Task
Work through the records below and copy every line that includes "lemma".

Dataset entries:
lemma sd_isometric_model_adapted_map:
  assumes ip: "is_inner_product ip" and nz: "\<alpha> \<noteq> 0" "c \<noteq> 0" "f \<noteq> 0"
    and orth: "\<And>p q. ip (adapted_map \<alpha> \<beta> \<gamma> c d f p) (adapted_map \<alpha> \<beta> \<gamma> c d f q) = p \<bullet> q"
  shows "sd_isometric_model (brk a) ip (adapted_map_inv \<alpha> \<beta> \<gamma> c d f) (adapted_map \<alpha> \<beta> \<gamma> c d f)
    (\<alpha>*(a + d/f)) (\<alpha>*(f*f + d*d)/(c*f)) (-\<alpha>*c/f) (\<alpha>*(a - d/f))"
proof (rule sd_isometric_model.intro)
  note inv = adapted_map_inv_left[OF nz] adapted_map_inv_right[OF nz]
  show "adapted_map_inv \<alpha> \<beta> \<gamma> c d f (brk a x y)
      = sd_bracket (\<alpha>*(a + d/f)) (\<alpha>*(f*f + d*d)/(c*f)) (-\<alpha>*c/f) (\<alpha>*(a - d/f))
          (adapted_map_inv \<alpha> \<beta> \<gamma> c d f x) (adapted_map_inv \<alpha> \<beta> \<gamma> c d f y)" for x y
    by (metis brk_adapted_map[OF nz(2,3)] inv)
  show "ip x y = adapted_map_inv \<alpha> \<beta> \<gamma> c d f x \<bullet> adapted_map_inv \<alpha> \<beta> \<gamma> c d f y" for x y
    by (metis orth inv)
qed (use ip linear_adapted_map linear_adapted_map_inv[OF nz] adapted_map_inv_left[OF nz]
       adapted_map_inv_right[OF nz] in auto)

definition shear_scaling :: "real \<Rightarrow> real \<Rightarrow> real \<Rightarrow> vec3 \<Rightarrow> vec3" where
  "shear_scaling s \<beta> \<gamma> x = vector [x$1, s*x$2 + \<beta>*x$1, s*x$3 + \<gamma>*x$1]"

lemma is_automorphism_shear_scaling:
  assumes "s \<noteq> 0"
  shows "is_automorphism a (shear_scaling s \<beta> \<gamma>)"
  unfolding is_automorphism_def
proof (intro conjI allI)
  show "linear (shear_scaling s \<beta> \<gamma>)"
    by (rule linearI) (simp_all add: shear_scaling_def vec_eq_iff forall_3 field_simps)
  have "shear_scaling (1/s) (-\<beta>/s) (-\<gamma>/s) \<circ> shear_scaling s \<beta> \<gamma> = id"
    "shear_scaling s \<beta> \<gamma> \<circ> shear_scaling (1/s) (-\<beta>/s) (-\<gamma>/s) = id"
    using assms by (simp_all add: fun_eq_iff shear_scaling_def vec_eq_iff forall_3 field_simps)
  then show "bij (shear_scaling s \<beta> \<gamma>)"
    by (rule o_bij)
  show "shear_scaling s \<beta> \<gamma> (brk a x y) = brk a (shear_scaling s \<beta> \<gamma> x) (shear_scaling s \<beta> \<gamma> y)"
    for x y
    unfolding brk_eq_sd_bracket
    by (simp add: shear_scaling_def sd_bracket_def vec_eq_iff forall_3 field_simps)
qed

Task response
lemma sd_isometric_model_adapted_map:
lemma is_automorphism_shear_scaling:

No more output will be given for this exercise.